Copy every line of the data that contains the string "bool".

Start of RECORDS SUPPLIED

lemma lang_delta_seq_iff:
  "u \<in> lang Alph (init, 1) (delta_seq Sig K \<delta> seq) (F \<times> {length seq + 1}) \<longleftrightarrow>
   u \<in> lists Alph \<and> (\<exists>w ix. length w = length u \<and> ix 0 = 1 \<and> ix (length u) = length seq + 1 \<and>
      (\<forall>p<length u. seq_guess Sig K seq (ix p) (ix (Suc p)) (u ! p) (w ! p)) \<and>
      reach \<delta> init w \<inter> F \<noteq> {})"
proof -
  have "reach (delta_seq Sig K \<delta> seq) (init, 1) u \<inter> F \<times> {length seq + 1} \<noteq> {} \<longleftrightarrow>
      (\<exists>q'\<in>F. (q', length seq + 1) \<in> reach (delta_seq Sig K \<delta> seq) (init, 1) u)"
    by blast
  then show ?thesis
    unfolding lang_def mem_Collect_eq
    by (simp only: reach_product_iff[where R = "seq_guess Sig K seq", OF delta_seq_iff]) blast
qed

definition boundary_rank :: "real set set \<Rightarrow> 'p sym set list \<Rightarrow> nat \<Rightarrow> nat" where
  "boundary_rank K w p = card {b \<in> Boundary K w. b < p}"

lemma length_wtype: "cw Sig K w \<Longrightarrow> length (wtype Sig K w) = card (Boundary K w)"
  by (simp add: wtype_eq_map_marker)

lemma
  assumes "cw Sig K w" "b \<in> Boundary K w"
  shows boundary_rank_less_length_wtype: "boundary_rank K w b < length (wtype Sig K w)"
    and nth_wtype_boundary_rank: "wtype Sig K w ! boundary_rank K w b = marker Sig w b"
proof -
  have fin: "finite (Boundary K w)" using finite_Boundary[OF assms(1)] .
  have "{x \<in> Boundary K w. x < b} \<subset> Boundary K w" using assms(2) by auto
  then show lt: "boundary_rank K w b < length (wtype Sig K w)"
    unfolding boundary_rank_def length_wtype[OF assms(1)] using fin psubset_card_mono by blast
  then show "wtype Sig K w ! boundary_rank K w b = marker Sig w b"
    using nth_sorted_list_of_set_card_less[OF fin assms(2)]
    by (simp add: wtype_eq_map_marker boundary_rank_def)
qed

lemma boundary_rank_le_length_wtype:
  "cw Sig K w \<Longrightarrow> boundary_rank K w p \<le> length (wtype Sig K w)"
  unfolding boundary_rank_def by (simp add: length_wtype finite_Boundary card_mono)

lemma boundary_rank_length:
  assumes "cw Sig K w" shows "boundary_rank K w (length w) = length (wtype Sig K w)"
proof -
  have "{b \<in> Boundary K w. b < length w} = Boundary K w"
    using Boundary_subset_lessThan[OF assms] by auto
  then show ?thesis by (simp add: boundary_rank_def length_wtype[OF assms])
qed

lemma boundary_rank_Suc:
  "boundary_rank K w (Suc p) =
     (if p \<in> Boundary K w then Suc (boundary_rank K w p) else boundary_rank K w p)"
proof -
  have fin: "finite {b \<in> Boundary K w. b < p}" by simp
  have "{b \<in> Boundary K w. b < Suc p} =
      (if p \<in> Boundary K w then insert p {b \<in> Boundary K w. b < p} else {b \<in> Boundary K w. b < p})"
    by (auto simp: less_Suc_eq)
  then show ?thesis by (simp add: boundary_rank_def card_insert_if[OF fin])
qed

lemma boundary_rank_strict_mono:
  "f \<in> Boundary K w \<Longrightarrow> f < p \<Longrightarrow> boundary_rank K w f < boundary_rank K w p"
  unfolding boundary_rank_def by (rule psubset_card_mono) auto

End of RECORDS SUPPLIED
Start of RECORDS SUPPLIED

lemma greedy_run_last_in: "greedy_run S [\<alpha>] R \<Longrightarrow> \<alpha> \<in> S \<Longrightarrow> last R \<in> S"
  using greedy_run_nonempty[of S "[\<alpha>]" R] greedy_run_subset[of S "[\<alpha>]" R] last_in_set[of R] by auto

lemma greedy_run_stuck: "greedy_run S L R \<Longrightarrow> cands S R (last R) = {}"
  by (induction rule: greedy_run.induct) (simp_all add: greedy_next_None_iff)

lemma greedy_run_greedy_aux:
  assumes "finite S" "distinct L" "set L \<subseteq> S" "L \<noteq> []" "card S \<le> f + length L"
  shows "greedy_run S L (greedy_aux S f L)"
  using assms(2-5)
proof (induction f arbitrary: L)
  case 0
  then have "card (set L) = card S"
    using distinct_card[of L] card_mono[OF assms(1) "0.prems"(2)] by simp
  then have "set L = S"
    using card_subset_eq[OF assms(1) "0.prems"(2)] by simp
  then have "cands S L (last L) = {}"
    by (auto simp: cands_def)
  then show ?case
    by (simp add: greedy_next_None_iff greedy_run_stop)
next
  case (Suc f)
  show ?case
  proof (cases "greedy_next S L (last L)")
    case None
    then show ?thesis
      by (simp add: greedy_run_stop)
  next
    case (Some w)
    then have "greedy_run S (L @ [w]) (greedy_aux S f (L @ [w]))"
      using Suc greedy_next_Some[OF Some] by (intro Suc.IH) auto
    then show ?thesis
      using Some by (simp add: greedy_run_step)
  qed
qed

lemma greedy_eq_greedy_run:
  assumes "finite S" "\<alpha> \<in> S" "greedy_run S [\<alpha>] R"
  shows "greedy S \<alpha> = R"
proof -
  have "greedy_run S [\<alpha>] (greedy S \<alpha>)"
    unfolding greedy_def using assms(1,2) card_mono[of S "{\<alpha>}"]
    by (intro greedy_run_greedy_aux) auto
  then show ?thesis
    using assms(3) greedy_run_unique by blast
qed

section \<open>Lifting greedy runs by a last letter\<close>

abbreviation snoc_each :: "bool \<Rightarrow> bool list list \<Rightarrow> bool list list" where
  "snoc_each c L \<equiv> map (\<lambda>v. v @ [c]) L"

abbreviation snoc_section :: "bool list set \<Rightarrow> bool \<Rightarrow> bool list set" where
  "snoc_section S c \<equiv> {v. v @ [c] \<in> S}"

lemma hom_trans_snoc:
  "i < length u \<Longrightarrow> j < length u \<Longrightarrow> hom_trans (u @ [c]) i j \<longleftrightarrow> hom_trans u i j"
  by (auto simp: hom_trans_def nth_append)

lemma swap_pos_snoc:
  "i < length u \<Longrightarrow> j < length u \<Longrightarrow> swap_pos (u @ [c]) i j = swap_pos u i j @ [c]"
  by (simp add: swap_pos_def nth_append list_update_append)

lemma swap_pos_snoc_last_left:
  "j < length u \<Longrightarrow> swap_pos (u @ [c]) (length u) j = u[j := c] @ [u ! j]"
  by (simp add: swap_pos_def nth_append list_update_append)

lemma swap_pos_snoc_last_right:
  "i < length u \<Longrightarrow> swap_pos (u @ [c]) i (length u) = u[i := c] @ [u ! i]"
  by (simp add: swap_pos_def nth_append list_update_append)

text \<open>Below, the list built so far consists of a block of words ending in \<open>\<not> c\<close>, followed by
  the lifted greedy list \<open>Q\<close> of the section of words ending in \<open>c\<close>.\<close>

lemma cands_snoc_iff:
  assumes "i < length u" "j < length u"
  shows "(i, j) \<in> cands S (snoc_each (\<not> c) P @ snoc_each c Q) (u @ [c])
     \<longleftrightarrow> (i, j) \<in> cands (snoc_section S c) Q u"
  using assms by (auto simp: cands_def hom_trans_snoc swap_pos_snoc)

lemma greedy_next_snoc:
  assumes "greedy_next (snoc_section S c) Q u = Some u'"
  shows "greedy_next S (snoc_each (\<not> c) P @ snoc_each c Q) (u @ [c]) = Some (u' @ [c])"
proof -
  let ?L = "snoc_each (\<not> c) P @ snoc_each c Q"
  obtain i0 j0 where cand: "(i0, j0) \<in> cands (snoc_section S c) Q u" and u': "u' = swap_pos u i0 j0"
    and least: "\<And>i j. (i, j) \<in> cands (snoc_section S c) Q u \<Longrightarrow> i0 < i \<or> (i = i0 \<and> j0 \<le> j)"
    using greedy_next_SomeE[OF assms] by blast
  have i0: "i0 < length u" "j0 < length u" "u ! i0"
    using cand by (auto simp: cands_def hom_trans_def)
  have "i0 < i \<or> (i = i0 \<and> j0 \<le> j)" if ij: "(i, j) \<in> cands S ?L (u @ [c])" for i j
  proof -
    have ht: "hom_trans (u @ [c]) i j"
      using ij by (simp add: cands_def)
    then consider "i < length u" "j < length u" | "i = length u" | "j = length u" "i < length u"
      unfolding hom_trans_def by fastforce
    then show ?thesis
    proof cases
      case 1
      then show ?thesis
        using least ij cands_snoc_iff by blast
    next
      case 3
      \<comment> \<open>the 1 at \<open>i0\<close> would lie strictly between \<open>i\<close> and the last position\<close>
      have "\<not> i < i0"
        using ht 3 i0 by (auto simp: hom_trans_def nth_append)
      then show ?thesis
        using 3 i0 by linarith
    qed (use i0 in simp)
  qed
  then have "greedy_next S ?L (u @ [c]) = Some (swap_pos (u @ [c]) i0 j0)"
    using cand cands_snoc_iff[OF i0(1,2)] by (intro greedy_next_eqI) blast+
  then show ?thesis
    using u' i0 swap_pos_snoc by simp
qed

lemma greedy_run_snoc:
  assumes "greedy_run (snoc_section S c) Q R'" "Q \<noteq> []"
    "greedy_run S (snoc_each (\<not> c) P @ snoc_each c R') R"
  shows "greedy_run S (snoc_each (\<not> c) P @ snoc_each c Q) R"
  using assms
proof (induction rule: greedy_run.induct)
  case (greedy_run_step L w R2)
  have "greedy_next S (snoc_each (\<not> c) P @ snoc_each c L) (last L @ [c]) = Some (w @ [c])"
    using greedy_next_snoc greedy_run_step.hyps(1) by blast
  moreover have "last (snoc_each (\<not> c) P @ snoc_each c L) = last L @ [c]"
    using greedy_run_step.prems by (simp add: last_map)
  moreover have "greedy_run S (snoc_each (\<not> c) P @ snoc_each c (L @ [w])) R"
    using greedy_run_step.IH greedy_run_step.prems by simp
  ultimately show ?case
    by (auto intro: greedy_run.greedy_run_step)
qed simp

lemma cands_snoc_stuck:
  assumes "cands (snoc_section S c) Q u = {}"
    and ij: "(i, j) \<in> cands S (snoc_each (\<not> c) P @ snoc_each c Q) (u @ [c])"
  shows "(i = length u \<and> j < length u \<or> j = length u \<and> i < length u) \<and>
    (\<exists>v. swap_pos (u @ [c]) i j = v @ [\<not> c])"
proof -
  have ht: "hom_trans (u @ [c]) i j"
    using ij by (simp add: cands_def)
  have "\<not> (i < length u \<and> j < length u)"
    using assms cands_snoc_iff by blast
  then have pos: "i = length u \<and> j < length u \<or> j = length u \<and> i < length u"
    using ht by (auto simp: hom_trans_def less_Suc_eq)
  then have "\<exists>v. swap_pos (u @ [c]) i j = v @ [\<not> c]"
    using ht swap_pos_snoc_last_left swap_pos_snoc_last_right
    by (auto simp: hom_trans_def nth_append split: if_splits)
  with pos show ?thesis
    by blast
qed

End of RECORDS SUPPLIED

FINISHED TASK
abbreviation snoc_each :: "bool \<Rightarrow> bool list list \<Rightarrow> bool list list" where
abbreviation snoc_section :: "bool list set \<Rightarrow> bool \<Rightarrow> bool list set" where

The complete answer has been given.